Showing posts with label religion. Show all posts
Showing posts with label religion. Show all posts

Thursday, October 7, 2010

Religion & Spirituality


One popular idea is that there exists a distinction between two different modes of relating with the divine or the sacred: religion and spirituality. Religion describes the social, the public, and the organized means by which people relate the the sacred and the divine while spirituality describes such relations when they occur in private, personally, and even in eclectic ways.

Is such a distinction valid? In answering such a question, it is important to keep in mind that it presumes to describe two fundamentally different types of things. Even though I describe them as different ways of “relating to the divine or the sacred,” that is already introducing my own prejudices into the discussion. Many (if not most) of those who attempt to draw such a distinction do not describe them as two aspects of the same thing; instead, they are supposed to be two completely different animals.


Religion vs. Spirituality

One clue that there may be something problematic in this distinction comes when we look at the radically different ways in which people actually try to define and describe that distinction. Consider these three definitions drawn from the internet:
Religion is an institution established by man for various reasons. Exert control, instill morality, stroke egos, or whatever it does. Organized, structured religions all but remove god from the equation. You confess your sins to a clergy member, go to elaborate churches to worship, told what to pray and when to pray it. All those factors remove you from god. Spirituality is born in a person and develops in the person. It may be kick started by a religion, or it may be kick started by a revelation. Spirituality extends to all facets of a person’s life. Spirituality is chosen while religion is often times forced. Being spiritual to me is more important and better than being religious.
Religion can be anything that the person practicing it desires. Spirituality, on the other hand, is defined by God. Since religion is man defined, Religion is a manifestation of the flesh. But Spirituality, as defined by God, is a manifestation of His nature.
True spirituality is something that is found deep within oneself. It is your way of loving, accepting and relating to the world and people around you. It cannot be found in a church or by believing in a certain way.

These definitions aren’t just different, they are incompatible! Two define spirituality in a way which makes it dependent upon the individual — it is something that “develops in the person” or is “found deep within oneself.” The other, however, defines spirituality as something which comes from God and is defined by God while religion is “anything that the person desires.” Is spirituality from God and religion from Man, or is it the other way around? Why such divergent views?

We can better understand why such incompatible definitions (each representative of how many, many others define the terms) appear by observing what unites them: the denigration of religion. Religion is bad. Religion is all about people controlling other people. Religion distances you from God and from the sacred. Spirituality, whatever it really is, is good. Spirituality is the “true” way to reach God and the sacred. Spirituality is the right thing to center your life on.

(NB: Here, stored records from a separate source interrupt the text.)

section \<open>Maximal and minimal prime ideals\<close>

lemma (in noetherian_ring) exists_maximal_element:
  assumes "S \<noteq> {}" "\<And>I. I \<in> S \<Longrightarrow> ideal I R"
  shows "\<exists>M\<in>S. \<forall>X\<in>S. M \<subseteq> X \<longrightarrow> X = M"
proof (rule Zorn_Lemma2, intro ballI)
  fix C assume C: "C \<in> chains S"
  show "\<exists>U\<in>S. \<forall>X\<in>C. X \<subseteq> U"
  proof (cases "C = {}")
    case True then show ?thesis using assms(1) by blast
  next
    case False
    have "subset.chain {I. ideal I R} C"
      using C assms(2) unfolding chains_alt_def subset_chain_def by auto
    then have "\<Union>C \<in> C" using ideal_chain_is_trivial False by blast
    then show ?thesis using C unfolding chains_def by auto
  qed
qed

lemma (in cring) maximal_disjoint_ideal_is_prime:
  assumes M: "ideal M R" and S: "S \<subseteq> carrier R" "\<one> \<in> S" "\<And>a b. a \<in> S \<Longrightarrow> b \<in> S \<Longrightarrow> a \<otimes> b \<in> S"
    and disj: "M \<inter> S = {}"
    and max: "\<And>J. ideal J R \<Longrightarrow> M \<subseteq> J \<Longrightarrow> J \<inter> S = {} \<Longrightarrow> J = M"
  shows "primeideal M R"
proof (rule primeidealI[OF M is_cring])
  show "carrier R \<noteq> M" using S(2) disj by blast
  have meet: "\<exists>m\<in>M. \<exists>r\<in>carrier R. m \<oplus> r \<otimes> a \<in> S" if a: "a \<in> carrier R" "a \<notin> M" for a
  proof (rule ccontr)
    assume "\<not> ?thesis"
    hence "(M <+> PIdl a) \<inter> S = {}" by (auto simp: set_add_PIdl_mem_iff)
    hence "M <+> PIdl a = M"
      using max[OF add_ideals[OF M cgenideal_ideal[OF a(1)]] set_add_upper1[OF M cgenideal_ideal[OF a(1)]]]
      by blast
    thus False using set_add_upper2[OF M cgenideal_ideal[OF a(1)]] cgenideal_self[OF a(1)] a(2) by blast
  qed
  fix a b assume ab: "a \<in> carrier R" "b \<in> carrier R" "a \<otimes> b \<in> M"
  show "a \<in> M \<or> b \<in> M"
  proof (rule ccontr)
    assume "\<not> (a \<in> M \<or> b \<in> M)"
    then obtain m r m' r' where mr: "m \<in> M" "r \<in> carrier R" "m \<oplus> r \<otimes> a \<in> S"
      and mr': "m' \<in> M" "r' \<in> carrier R" "m' \<oplus> r' \<otimes> b \<in> S"
      using meet ab by meson
    have c: "m \<in> carrier R" "m' \<in> carrier R" using mr mr' ideal_subset_carrier[OF M] by auto
    have eq: "(m \<oplus> r \<otimes> a) \<otimes> (m' \<oplus> r' \<otimes> b) = m \<otimes> (m' \<oplus> r' \<otimes> b) \<oplus> (r \<otimes> a) \<otimes> m' \<oplus> (r \<otimes> r') \<otimes> (a \<otimes> b)"
      using c ab mr mr' by algebra
    have "m \<otimes> (m' \<oplus> r' \<otimes> b) \<in> M" using ideal.I_r_closed[OF M mr(1)] c ab mr' by simp
    moreover have "(r \<otimes> a) \<otimes> m' \<in> M" using ideal.I_l_closed[OF M mr'(1)] ab mr by simp
    moreover have "(r \<otimes> r') \<otimes> (a \<otimes> b) \<in> M" using ideal.I_l_closed[OF M ab(3)] mr mr' by simp
    ultimately have "(m \<oplus> r \<otimes> a) \<otimes> (m' \<oplus> r' \<otimes> b) \<in> M" unfolding eq by (simp add: ideal_add[OF M])
    moreover have "(m \<oplus> r \<otimes> a) \<otimes> (m' \<oplus> r' \<otimes> b) \<in> S" using S(3) mr(3) mr'(3) .
    ultimately show False using disj by blast
  qed
qed

definition minimal_prime_over :: "('a, 'b) ring_scheme \<Rightarrow> 'a set \<Rightarrow> 'a set \<Rightarrow> bool" where
  "minimal_prime_over R J P \<longleftrightarrow> primeideal P R \<and> J \<subseteq> P \<and>
     (\<forall>P'. primeideal P' R \<longrightarrow> J \<subseteq> P' \<longrightarrow> P' \<subseteq> P \<longrightarrow> P' = P)"

lemma (in cring) minimal_prime_over_if_nat_pow_in_saturation:
  assumes min: "minimal_prime_over R (Idl X) P" and X: "X \<subseteq> carrier R" and K: "K \<subseteq> P"
    and pow: "\<And>y. y \<in> X \<Longrightarrow> \<exists>n::nat. y [^] n \<in> saturation R P K"
  shows "minimal_prime_over R K P"
  unfolding minimal_prime_over_def
proof (intro conjI allI impI)
  show P: "primeideal P R" "K \<subseteq> P" using min K unfolding minimal_prime_over_def by auto
  fix P' assume P': "primeideal P' R" "K \<subseteq> P'" "P' \<subseteq> P"
  have "y \<in> P'" if y: "y \<in> X" for y
  proof -
    obtain n :: nat and s where s: "s \<in> carrier R" "s \<notin> P" "s \<otimes> y [^] n \<in> K"
      using pow[OF y] by (blast elim: saturationE)
    have yc: "y \<in> carrier R" using y X by blast
    have "s \<notin> P'" using s(2) P'(3) by blast
    hence "y [^] n \<in> P'" using primeideal.I_prime[OF P'(1) s(1), of "y [^] n"] s(3) P'(2) yc by auto
    thus "y \<in> P'" using primeideal_nat_pow_memD[OF P'(1) yc] by blast
  qed
  hence "Idl X \<subseteq> P'" using genideal_minimal[OF primeideal.axioms(1)[OF P'(1)]] by blast
  thus "P' = P" using min P'(1,3) unfolding minimal_prime_over_def by blast
qed

locale noetherian_cring = noetherian_ring + cring

context noetherian_cring
begin

lemma exists_maximalideal_superset:
  assumes "ideal I R" and "I \<noteq> carrier R"
  obtains M where "maximalideal M R" "I \<subseteq> M"
proof -
  define F where "F = {K. ideal K R \<and> I \<subseteq> K \<and> K \<noteq> carrier R}"
  have "F \<noteq> {}" "\<And>K. K \<in> F \<Longrightarrow> ideal K R" using assms unfolding F_def by blast+
  then obtain M where M: "M \<in> F" and Mmax: "\<forall>X\<in>F. M \<subseteq> X \<longrightarrow> X = M"
    using exists_maximal_element by meson
  have "maximalideal M R"
  proof (rule maximalidealI)
    show "ideal M R" "carrier R \<noteq> M" using M unfolding F_def by auto
    fix K assume "ideal K R" "M \<subseteq> K" "K \<subseteq> carrier R"
    thus "K = M \<or> K = carrier R" using M Mmax unfolding F_def by blast
  qed
  thus thesis using M that unfolding F_def by blast
qed

text \<open>This says that \<open>P R\<^sub>P\<close> is the radical of \<open>J R\<^sub>P\<close>: the set \<open>S\<close> below is the multiplicative
  set generated by \<open>y\<close> and \<open>R - P\<close>, and an ideal maximal among those avoiding it is a prime
  between \<open>J\<close> and \<open>P\<close> missing \<open>y\<close>.\<close>

lemma minimal_prime_over_nat_pow_in_saturation:
  assumes min: "minimal_prime_over R J P" and J: "ideal J R" and y: "y \<in> P"
  shows "\<exists>n::nat. y [^] n \<in> saturation R P J"
proof (rule ccontr)
  assume neg: "\<not> ?thesis"
  have P: "primeideal P R" and JP: "J \<subseteq> P" using min unfolding minimal_prime_over_def by auto
  have yc: "y \<in> carrier R" using y ideal_subset_carrier[OF primeideal.axioms(1)[OF P]] by auto
  define S where "S = {s \<otimes> y [^] (n::nat) | s n. s \<in> carrier R \<and> s \<notin> P}"
  have Sc: "S \<subseteq> carrier R" unfolding S_def using yc by auto
  have S1: "\<one> \<in> S" unfolding S_def using primeideal_one_notin[OF P]
    by (auto intro!: exI[of _ \<one>] exI[of _ "0::nat"])
  have Smult: "a \<otimes> b \<in> S" if a: "a \<in> S" and b: "b \<in> S" for a b
  proof -
    obtain s n where sn: "a = s \<otimes> y [^] (n::nat)" "s \<in> carrier R" "s \<notin> P"
      using a unfolding S_def by blast
    obtain t k where tk: "b = t \<otimes> y [^] (k::nat)" "t \<in> carrier R" "t \<notin> P"
      using b unfolding S_def by blast
    have "a \<otimes> b = (s \<otimes> t) \<otimes> y [^] (n + k)" using sn tk yc
      by (simp add: nat_pow_mult m_ac add.commute)
    thus ?thesis using primeideal_mult_notin[OF P sn(2) tk(2) sn(3) tk(3)] sn tk
      unfolding S_def by blast
  qed
  have False if "s \<in> carrier R" "s \<notin> P" "s \<otimes> y [^] (n::nat) \<in> J" for s n
    using neg saturationI[OF that(1,2) _ that(3)] yc by simp
  hence JS: "J \<inter> S = {}" unfolding S_def by blast
  define F where "F = {I. ideal I R \<and> J \<subseteq> I \<and> I \<inter> S = {}}"
  have "F \<noteq> {}" "\<And>I. I \<in> F \<Longrightarrow> ideal I R" using J JS unfolding F_def by blast+
  then obtain M where M: "M \<in> F" and Mmax: "\<forall>X\<in>F. M \<subseteq> X \<longrightarrow> X = M"
    using exists_maximal_element by meson
  have Mi: "ideal M R" "J \<subseteq> M" "M \<inter> S = {}" using M unfolding F_def by auto
  have Mp: "primeideal M R"
    by (rule maximal_disjoint_ideal_is_prime[OF Mi(1) Sc S1 Smult Mi(3)])
      (use Mi(2) Mmax in \<open>auto simp: F_def\<close>)
  have MP: "M \<subseteq> P"
  proof
    fix x assume x: "x \<in> M"
    have xc: "x \<in> carrier R" using x ideal_subset_carrier[OF Mi(1)] by blast
    show "x \<in> P"
    proof (rule ccontr)
      assume "x \<notin> P"
      hence "x \<otimes> y [^] (0::nat) \<in> S" unfolding S_def using xc by blast
      thus False using x xc Mi(3) by auto
    qed
  qed
  have "\<one> \<otimes> y [^] (1::nat) \<in> S" unfolding S_def using primeideal_one_notin[OF P] by blast
  hence "y \<notin> M" using yc Mi(3) by auto
  thus False using min Mp Mi(2) MP y unfolding minimal_prime_over_def by blast
qed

t’s popular, especially in America, to distinguish between spirituality and religion. It’s true that there are valid distinctions between the two, but there are also a number of problematic distinctions which people try to make. In particular, supporters of spirituality tend to try to argue that everything bad lies with religion while everything good can be found in spirituality. This is a self-serving distinction which only masks the nature of religion and spirituality.


Problematic Distinctions Between Religion & Spirituality

One principal problem with attempts to separate religion from spirituality is that the former is saddled with everything negative while the latter is exalted with everything positive. This is a totally self-serving way of approaching the issue and something you only hear from those who describe themselves as “spiritual.” You never hear a self-professed religious person offer such definitions and it's disrespectful to religious people to suggest that they would remain in a system with no positive characteristics whatsoever.

Another problem with attempts to separate religion from spirituality is the curious fact that we don’t see it outside America. Why are people in Europe either religious or irreligious but Americans have this third category called “spiritual”? Are Americans special? Or is it rather that “distinction” is really just a product of American culture?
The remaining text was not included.